**Required action**: Restate word for word the lines from the one containing "by (intro bounded_by_sq)" through the end of the listing below, with both ends included.

:: Data shown

lemma
  shows integrable_Re_mult: "integrable M (\<lambda>\<omega>. Re (\<alpha> * X0 \<omega>))"
    and expectation_Re_mult: "expectation (\<lambda>\<omega>. Re (\<alpha> * X0 \<omega>)) = 0"
    and integrable_Re_mult_sq: "integrable M (\<lambda>\<omega>. (Re (\<alpha> * X0 \<omega>))\<^sup>2)"
    and expectation_Re_mult_sq: "expectation (\<lambda>\<omega>. (Re (\<alpha> * X0 \<omega>))\<^sup>2) = (cmod \<alpha>)\<^sup>2 / 2"
proof -
  have "integrable M X0" using integrable_norm by (simp add: integrable_norm_iff)
  then show "integrable M (\<lambda>\<omega>. Re (\<alpha> * X0 \<omega>))" "expectation (\<lambda>\<omega>. Re (\<alpha> * X0 \<omega>)) = 0"
    using expectation_X0 by simp_all
  have bounded_by_sq: "integrable M f" if [measurable]: "f \<in> borel_measurable M"
    and "\<And>\<omega>. \<bar>f \<omega>\<bar> \<le> (cmod (X0 \<omega>))\<^sup>2" for f
    using that by (intro Bochner_Integration.integrable_bound[OF integrable_sq] AE_I2) auto
  have int_Re: "integrable M (\<lambda>\<omega>. (Re (X0 \<omega>))\<^sup>2)" and int_Im: "integrable M (\<lambda>\<omega>. (Im (X0 \<omega>))\<^sup>2)"
    by (intro bounded_by_sq; simp add: cmod_power2)+
  have int_Re_Im: "integrable M (\<lambda>\<omega>. Re (X0 \<omega>) * Im (X0 \<omega>))"
    by (intro bounded_by_sq) (simp_all add: abs_mult power2_eq_square mult_mono abs_Re_le_cmod abs_Im_le_cmod)
  have Re_mult_sq:
    "(Re (\<alpha> * x))\<^sup>2 = (Re \<alpha>)\<^sup>2 * (Re x)\<^sup>2 + (Im \<alpha>)\<^sup>2 * (Im x)\<^sup>2 - 2 * Re \<alpha> * Im \<alpha> * (Re x * Im x)" for x
    by (simp add: power2_eq_square algebra_simps)
  show "integrable M (\<lambda>\<omega>. (Re (\<alpha> * X0 \<omega>))\<^sup>2)"
    unfolding Re_mult_sq using int_Re int_Im int_Re_Im by simp
  have "expectation (\<lambda>\<omega>. (Re (X0 \<omega>))\<^sup>2) + expectation (\<lambda>\<omega>. (Im (X0 \<omega>))\<^sup>2) = 1"
    using expectation_sq Bochner_Integration.integral_add[OF int_Re int_Im] by (simp add: cmod_power2)
  then have E_Re: "expectation (\<lambda>\<omega>. (Re (X0 \<omega>))\<^sup>2) = 1/2"
    and E_Im: "expectation (\<lambda>\<omega>. (Im (X0 \<omega>))\<^sup>2) = 1/2"
    using expectation_Re_sq_eq_Im_sq by auto
  show "expectation (\<lambda>\<omega>. (Re (\<alpha> * X0 \<omega>))\<^sup>2) = (cmod \<alpha>)\<^sup>2 / 2"
    unfolding Re_mult_sq using int_Re int_Im int_Re_Im expectation_Re_Im
    by (simp add: E_Re E_Im cmod_power2)
qed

::::

**Task output**:
    by (intro bounded_by_sq) (simp_all add: abs_mult power2_eq_square mult_mono abs_Re_le_cmod abs_Im_le_cmod)
  have Re_mult_sq:
    "(Re (\<alpha> * x))\<^sup>2 = (Re \<alpha>)\<^sup>2 * (Re x)\<^sup>2 + (Im \<alpha>)\<^sup>2 * (Im x)\<^sup>2 - 2 * Re \<alpha> * Im \<alpha> * (Re x * Im x)" for x
    by (simp add: power2_eq_square algebra_simps)
  show "integrable M (\<lambda>\<omega>. (Re (\<alpha> * X0 \<omega>))\<^sup>2)"
    unfolding Re_mult_sq using int_Re int_Im int_Re_Im by simp
  have "expectation (\<lambda>\<omega>. (Re (X0 \<omega>))\<^sup>2) + expectation (\<lambda>\<omega>. (Im (X0 \<omega>))\<^sup>2) = 1"
    using expectation_sq Bochner_Integration.integral_add[OF int_Re int_Im] by (simp add: cmod_power2)
  then have E_Re: "expectation (\<lambda>\<omega>. (Re (X0 \<omega>))\<^sup>2) = 1/2"
    and E_Im: "expectation (\<lambda>\<omega>. (Im (X0 \<omega>))\<^sup>2) = 1/2"
    using expectation_Re_sq_eq_Im_sq by auto
  show "expectation (\<lambda>\<omega>. (Re (\<alpha> * X0 \<omega>))\<^sup>2) = (cmod \<alpha>)\<^sup>2 / 2"
    unfolding Re_mult_sq using int_Re int_Im int_Re_Im expectation_Re_Im
    by (simp add: E_Re E_Im cmod_power2)
qed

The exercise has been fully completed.